Just out of curiosity, why do you believe we should draw the line at Augustinianism/Pelagianism and not at Sola Fide/Sacerdotalism?


----------



## Reformed Covenanter (Apr 17, 2019)

Charles Johnson said:


> Just out of curiosity, why do you believe we should draw the line at Augustinianism/Pelagianism and not at Sola Fide/Sacerdotalism?


I don't think it is easy to draw the line.
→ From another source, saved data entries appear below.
(* Let $\mathcal{D}$ be an $S(2,k,v)$ with $v>k^3-2k^2+2k$. Then $G_0=0$-$\mathrm{BIG}(\mathcal{D})$ is not silver.
   Context: A Steiner $2$-design $S(2,k,v)$ ($2<k<v$) is a pair $(V,\mathcal{B})$ with $|V|=v$ and $\mathcal{B}$ a collection of $k$-subsets of $V$ (blocks) such that every $2$-subset of $V$ lies in exactly one block. The $0$-block intersection graph $0$-$\mathrm{BIG}(\mathcal{D})$ has the blocks as vertices, two blocks adjacent iff they are disjoint; it is a regular graph. An $\alpha$-set of a graph is a maximum independent set. Let $G$ be an $r$-regular graph and $c$ a proper $(r+1)$-coloring of $G$. A vertex $x$ is rainbow with respect to $c$ if every one of the $r+1$ colors appears on $N[x]=N(x)\cup\{x\}$. Given an $\alpha$-set $I$, $c$ is silver with respect to $I$ if every $x\in I$ is rainbow; $G$ is silver if it admits a silver coloring with respect to some $\alpha$-set. *)

theory Defs
  imports Main
begin

definition steiner_2_design :: "'a set \<Rightarrow> 'a set set \<Rightarrow> nat \<Rightarrow> nat \<Rightarrow> bool" where
  "steiner_2_design V B k v \<longleftrightarrow>
     finite V \<and> card V = v \<and> 2 < k \<and> k < v \<and>
     (\<forall>b\<in>B. b \<subseteq> V \<and> card b = k) \<and>
     (\<forall>x\<in>V. \<forall>y\<in>V. x \<noteq> y \<longrightarrow> (\<exists>!b. b \<in> B \<and> {x, y} \<subseteq> b))"

(* simple graphs: vertex set and symmetric irreflexive adjacency predicate *)
type_synonym 'v graph = "'v set \<times> ('v \<Rightarrow> 'v \<Rightarrow> bool)"

definition verts :: "'v graph \<Rightarrow> 'v set" where "verts G = fst G"
definition adj :: "'v graph \<Rightarrow> 'v \<Rightarrow> 'v \<Rightarrow> bool" where "adj G = snd G"

definition nbhd :: "'v graph \<Rightarrow> 'v \<Rightarrow> 'v set" where
  "nbhd G x = {y \<in> verts G. adj G x y}"

definition closed_nbhd :: "'v graph \<Rightarrow> 'v \<Rightarrow> 'v set" where
  "closed_nbhd G x = insert x (nbhd G x)"

definition regular_graph :: "'v graph \<Rightarrow> nat \<Rightarrow> bool" where
  "regular_graph G r \<longleftrightarrow> (\<forall>x\<in>verts G. card (nbhd G x) = r)"

definition independent_set :: "'v graph \<Rightarrow> 'v set \<Rightarrow> bool" where
  "independent_set G I \<longleftrightarrow> I \<subseteq> verts G \<and> (\<forall>x\<in>I. \<forall>y\<in>I. \<not> adj G x y)"

definition alpha_set :: "'v graph \<Rightarrow> 'v set \<Rightarrow> bool" where
  "alpha_set G I \<longleftrightarrow> independent_set G I \<and> finite I \<and>
     (\<forall>J. independent_set G J \<longrightarrow> finite J \<and> card J \<le> card I)"

definition proper_coloring :: "'v graph \<Rightarrow> nat \<Rightarrow> ('v \<Rightarrow> nat) \<Rightarrow> bool" where
  "proper_coloring G n c \<longleftrightarrow>
     (\<forall>x\<in>verts G. c x < n) \<and>
     (\<forall>x\<in>verts G. \<forall>y\<in>verts G. adj G x y \<longrightarrow> c x \<noteq> c y)"

definition rainbow :: "'v graph \<Rightarrow> nat \<Rightarrow> ('v \<Rightarrow> nat) \<Rightarrow> 'v \<Rightarrow> bool" where
  "rainbow G n c x \<longleftrightarrow> {0..<n} \<subseteq> c ` closed_nbhd G x"

definition silver_coloring :: "'v graph \<Rightarrow> nat \<Rightarrow> ('v \<Rightarrow> nat) \<Rightarrow> 'v set \<Rightarrow> bool" where
  "silver_coloring G r c I \<longleftrightarrow>
     proper_coloring G (r + 1) c \<and> (\<forall>x\<in>I. rainbow G (r + 1) c x)"

definition silver :: "'v graph \<Rightarrow> bool" where
  "silver G \<longleftrightarrow> (\<exists>r. regular_graph G r \<and>
     (\<exists>I c. alpha_set G I \<and> silver_coloring G r c I))"

definition zero_BIG :: "'a set set \<Rightarrow> 'a set graph" where
  "zero_BIG B = (B, \<lambda>b1 b2. b1 \<noteq> b2 \<and> b1 \<inter> b2 = {})"

end

theory Submission
  imports Defs
begin

(* Let D = (V, B) be an S(2,k,v) and suppose the 0-block intersection graph
   G0 is silver: there is an alpha-set I (a largest family of pairwise intersecting blocks)
   and a proper (r+1)-colouring c of the r-regular graph G0 for which every block of I is
   rainbow.  Since N[X] has exactly r+1 vertices, c is injective on N[X] for X in I.

   (1) The blocks through a point form an intersecting family of size >= (v-1)/(k-1), so
       |I| > k^2-k+1 by the hypothesis on v; an intersecting family of blocks that large
       has a common point p (a block X misses some point x of B0, and the blocks through x
       meet X in pairwise distinct points, so at most k blocks pass through x).
   (2) A block X avoiding p meets at most k blocks of I; as |I| > 2k, any two blocks
       X, Y avoiding p lie in N[B0] for some B0 in I, hence get different colours.
   (3) If B0 in I meets a block X avoiding p, then c X = c B0: the colour c X occurs in
       N[B0], and by (2) only on X itself, which is not in N[B0] unless X = B0.
   Taking q in B0 - {p} and two blocks through q avoiding p contradicts (2) and (3). *)

section \<open>Elementary facts on Steiner 2-designs\<close>

locale steiner_design =
  fixes V :: "'a set" and B :: "'a set set" and k v :: nat
  assumes design: "steiner_2_design V B k v"
begin

lemma finite_points: "finite V"
  and card_points: "card V = v"
  and k_gt_2: "2 < k"
  and k_less_v: "k < v"
  and block_subset: "X \<in> B \<Longrightarrow> X \<subseteq> V"
  and card_block: "X \<in> B \<Longrightarrow> card X = k"
  using design unfolding steiner_2_design_def by blast+

lemma unique_block:
  assumes "x \<in> V" "y \<in> V" "x \<noteq> y"
  shows "\<exists>!X. X \<in> B \<and> {x, y} \<subseteq> X"
proof -
  from design have "\<forall>x\<in>V. \<forall>y\<in>V. x \<noteq> y \<longrightarrow> (\<exists>!X. X \<in> B \<and> {x, y} \<subseteq> X)"
    unfolding steiner_2_design_def by (elim conjE) assumption
  with assms show ?thesis by simp
qed

lemma finite_block: "X \<in> B \<Longrightarrow> finite X"
  using block_subset finite_points finite_subset by blast

lemma finite_blocks: "finite B"
  using block_subset finite_points by (meson Pow_iff finite_Pow_iff finite_subset subsetI)

lemma block_nonempty: "X \<in> B \<Longrightarrow> X \<noteq> {}"
  using card_block k_gt_2 by fastforce

lemma block_through_points:
  assumes "x \<in> V" "y \<in> V" "x \<noteq> y"
  obtains X where "X \<in> B" "x \<in> X" "y \<in> X"
  using unique_block[OF assms] that by blast

lemma block_unique:
  assumes "X \<in> B" "Y \<in> B" "x \<in> X" "y \<in> X" "x \<in> Y" "y \<in> Y" "x \<noteq> y"
  shows "X = Y"
proof -
  have "x \<in> V" "y \<in> V" using assms block_subset by auto
  then show ?thesis using unique_block[of x y] assms by auto
qed

text \<open>Blocks through a point x meet a block X not containing x in pairwise distinct points,
  so at most k of them meet X.\<close>

lemma pencil_meets_block:
  assumes F: "F \<subseteq> B" "\<forall>C\<in>F. x \<in> C" and X: "X \<in> B" "x \<notin> X"
  shows "card {C\<in>F. C \<inter> X \<noteq> {}} \<le> k"
proof -
  let ?M = "{C\<in>F. C \<inter> X \<noteq> {}}"
  define trace where "trace C = (SOME y. y \<in> C \<inter> X)" for C
  have trace: "trace C \<in> C \<inter> X" if "C \<in> ?M" for C
    using that someI_ex[of "\<lambda>y. y \<in> C \<inter> X"] unfolding trace_def by blast
  have "inj_on trace ?M"
  proof (rule inj_onI)
    fix C D assume "C \<in> ?M" "D \<in> ?M" "trace C = trace D"
    moreover have "x \<noteq> trace C" using trace \<open>C \<in> ?M\<close> X(2) by blast
    ultimately show "C = D"
      using trace[of C] trace[of D] F block_unique[of C D x "trace C"] by auto
  qed
  moreover have "trace ` ?M \<subseteq> X" using trace by blast
  ultimately have "card ?M \<le> card X"
    using card_inj_on_le finite_block[OF X(1)] by blast
  then show ?thesis using card_block[OF X(1)] by simp
qed

text \<open>The blocks through a point cover the other v - 1 points, k - 1 at a time.\<close>

lemma star_lower_bound:
  assumes "q \<in> V"
  shows "v - 1 \<le> card {X\<in>B. q \<in> X} * (k - 1)"
proof -
  let ?S = "{X\<in>B. q \<in> X}"
  have "V - {q} \<subseteq> (\<Union>X\<in>?S. X - {q})"
  proof
    fix y assume "y \<in> V - {q}"
    then obtain X where "X \<in> B" "q \<in> X" "y \<in> X"
      using block_through_points[of q y] assms by auto
    then show "y \<in> (\<Union>X\<in>?S. X - {q})" using \<open>y \<in> V - {q}\<close> by auto
  qed
  then have "card (V - {q}) \<le> card (\<Union>X\<in>?S. X - {q})"
    by (intro card_mono) (auto simp: finite_blocks finite_block)
  also have "\<dots> \<le> (\<Sum>X\<in>?S. card (X - {q}))"
    by (rule card_UN_le) (simp add: finite_blocks)
  also have "\<dots> = card ?S * (k - 1)"
    by (simp add: card_block finite_block)
  finally show ?thesis using assms card_points finite_points by simp
qed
Hence my original point.


----------



## Dachaser (Apr 17, 2019)

SeanPatrickCornell said:


> I think the issue is just a bit more complicated than that.





SeanPatrickCornell said:


> I think the issue is just a bit more complicated than that.


True, but those held positions would have meant teaching another gospel, so when did Rome officially teach those 2 points?


----------



## Dachaser (Apr 17, 2019)

Filter said:


> “The successor of Peter is the Vicar of Christ: he has been established as a mediator between God and man, below God but beyond man; less than God but more than man; who shall judge all and be judged by no one” - Pope Innocent III (1198-1216)
> 
> “I am caesar; I am emperor.”
> “It is altogether necessary for every human being to be subject to the Roman pontiff”
> ...


The Lord still today saves out His own people from among Apostate Rome, but whenever that Church started to hold to saved by Sacramental salvation proper is when to me went Apostate.


----------



## Charles Johnson (Apr 17, 2019)

Dachaser said:


> The Lord still today saves out His own people from among Apostate Rome, but whenever that Church started to hold to saved by Sacramental salvation proper is when to me went Apostate.


Sacramental salvation and transubstantiation are co-essential, no?


----------



## Dachaser (Apr 19, 2019)

Charles Johnson said:


> Sacramental salvation and transubstantiation are co-essential, no?


Both are heresies of the Church of Rome.


----------